Several people have asked: what scripting language should biologists learn if they are interested in doing a little larger-scale data analysis and have never programmed before? I’m not an expert, but these are the kinds of things I tend to say:

The language is not so important; the same principles apply everywhere. Use what your friends and colleagues use so you can get help from them. I believe most people would answer Python. I would answer R. Don’t believe people who tell you that R is not a serious language. You’re already familiar with analysing small datasets in a statistics program. You can do that in R too, and then the step to writing code and handling larger projects is actually very short. Your data will very likely come in tables, and R is very good at that. You’ll also want pretty graphs, and R is very good at that too. Regardless, have a look at the other common languages as well. Practice working from a terminal.

Written by mrtnj

13 mars, 2014 at 08:04

Using R: common errors in table import

with 4 comments

I’ve written before about importing tabular text files into R, and here comes some more. This is because I believe (firmly) that importing data is the major challenge for beginners who want to analyse their data in R. What is the most important thing about using any statistics software? To get your data into it in the first place! Unfortunately, no two datasets are the same and many frustrations await the beginner. Therefore, let me share a few things that I’ve picked up while trying to read data into R.

General tip: keep it as simple as possible. Open your favourite spreadsheet software, remove all the colours and formatting, make sure to have only one header row with short and simple column names (avoid any special characters; R will turn them to full stops), remove empty columns above and to the left of the table and export the sheet in to plain text, tab separated or comma separated. Then use either read.table, read.csv or the Import dataset button in RStudio to read your table, and in case of doubt, begin with the default settings, which are often sensible. If you see any annoying data import errors, below are a few possible causes.
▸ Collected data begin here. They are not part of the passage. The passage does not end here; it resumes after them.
lemma (in group) inj_int_pow_if_infinite:
  assumes "x \<in> carrier G" and "infinite (range (\<lambda>k::int. x [^] k))"
  shows "inj (\<lambda>k::int. x [^] k)"
  using assms infinite_cyclic_subgroup_int carrier_subgroup_generated_by_singleton
  by (auto simp: inj_def)

lemma (in group_hom) normal_vimage:
  assumes "N \<lhd> H"
  shows "{x \<in> carrier G. h x \<in> N} \<lhd> G"
proof -
  interpret N: normal N H by (rule assms)
  show ?thesis
    unfolding G.normal_inv_iff
  proof (intro conjI ballI G.subgroupI)
    fix x y assume "x \<in> {x \<in> carrier G. h x \<in> N}" "y \<in> {x \<in> carrier G. h x \<in> N}"
    then show "inv x \<in> {x \<in> carrier G. h x \<in> N}" "x \<otimes> y \<in> {x \<in> carrier G. h x \<in> N}"
      by (simp_all add: N.m_inv_closed N.m_closed)
  next
    fix x y assume "x \<in> carrier G" "y \<in> {x \<in> carrier G. h x \<in> N}"
    then show "x \<otimes> y \<otimes> inv x \<in> {x \<in> carrier G. h x \<in> N}"
      by (simp add: N.inv_op_closed2)
  qed (use N.one_closed in auto)
qed

locale skew_brace =
  fixes B :: "('a, 'b) brace_scheme"
  assumes is_brace: "is_brace B"
begin

sublocale A: group "add_grp B" using is_brace by (simp add: is_brace_def)
sublocale M: group "mul_grp B" using is_brace by (simp add: is_brace_def)

abbreviation add (infixl "\<boxplus>" 65) where "x \<boxplus> y \<equiv> bplus B x y"
abbreviation mult (infixl "\<odot>" 70) where "x \<odot> y \<equiv> btimes B x y"
abbreviation neg where "neg x \<equiv> inv\<^bsub>add_grp B\<^esub> x"
abbreviation minv where "minv x \<equiv> inv\<^bsub>mul_grp B\<^esub> x"
abbreviation ze where "ze \<equiv> bzero B"
abbreviation lam where "lam \<equiv> blambda B"

lemma lambda_unfold: "lam a b = neg a \<boxplus> a \<odot> b"
  by (simp add: blambda_def bneg_def)

lemma brace_distrib:
  "a \<in> carrier B \<Longrightarrow> b \<in> carrier B \<Longrightarrow> c \<in> carrier B \<Longrightarrow> a \<odot> (b \<boxplus> c) = a \<odot> b \<boxplus> neg a \<boxplus> a \<odot> c"
  using is_brace by (simp add: is_brace_def bneg_def)

lemma closed [simp]:
  "x \<in> carrier B \<Longrightarrow> y \<in> carrier B \<Longrightarrow> x \<boxplus> y \<in> carrier B"
  "x \<in> carrier B \<Longrightarrow> y \<in> carrier B \<Longrightarrow> x \<odot> y \<in> carrier B"
  "x \<in> carrier B \<Longrightarrow> neg x \<in> carrier B"
  "x \<in> carrier B \<Longrightarrow> minv x \<in> carrier B"
  "ze \<in> carrier B"
  "x \<in> carrier B \<Longrightarrow> y \<in> carrier B \<Longrightarrow> lam x y \<in> carrier B"
  using A.m_closed M.m_closed A.inv_closed M.inv_closed A.one_closed by (simp_all add: lambda_unfold)

lemma add_assoc: "x \<in> carrier B \<Longrightarrow> y \<in> carrier B \<Longrightarrow> z \<in> carrier B \<Longrightarrow> x \<boxplus> y \<boxplus> z = x \<boxplus> (y \<boxplus> z)"
  using A.m_assoc by simp

lemma mult_assoc: "x \<in> carrier B \<Longrightarrow> y \<in> carrier B \<Longrightarrow> z \<in> carrier B \<Longrightarrow> x \<odot> y \<odot> z = x \<odot> (y \<odot> z)"
  using M.m_assoc by simp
If you don’t get the number of columns you expect

Then it’s often a separator problem. read.table allows you to set the filed separator character (with sep=) and the decimal separator (with dec=). To get a tab character, use ”\t”:

data <- read.table(file="data.txt", sep="\t", dec=",")

In many countries this is not an issue, but the Swedish standard is using a comma as decimal separator, while R uses a decimal point. If you export a comma separated value file on a Swedish computer, you are likely to get a numbers with decimal commas and semicolons as field separators. Then what you want is read.csv2( ), which is a read.csv made for semicolon separated files with decimal commas.

As an additional benefit of using it, RStudio solves those issues for you with the Import dataset button. The dialog box that appears when you click it lets you choose separators, header line (yes/no) and whether there are quotes around fields, and shows a preview of what the table will look like. Then it builds the read.table command for you, so that you can copy it into your script. If you're not an RStudio user, just look at the actual file in a text editor, and add dec= and sep= instructions to your read.table as needed.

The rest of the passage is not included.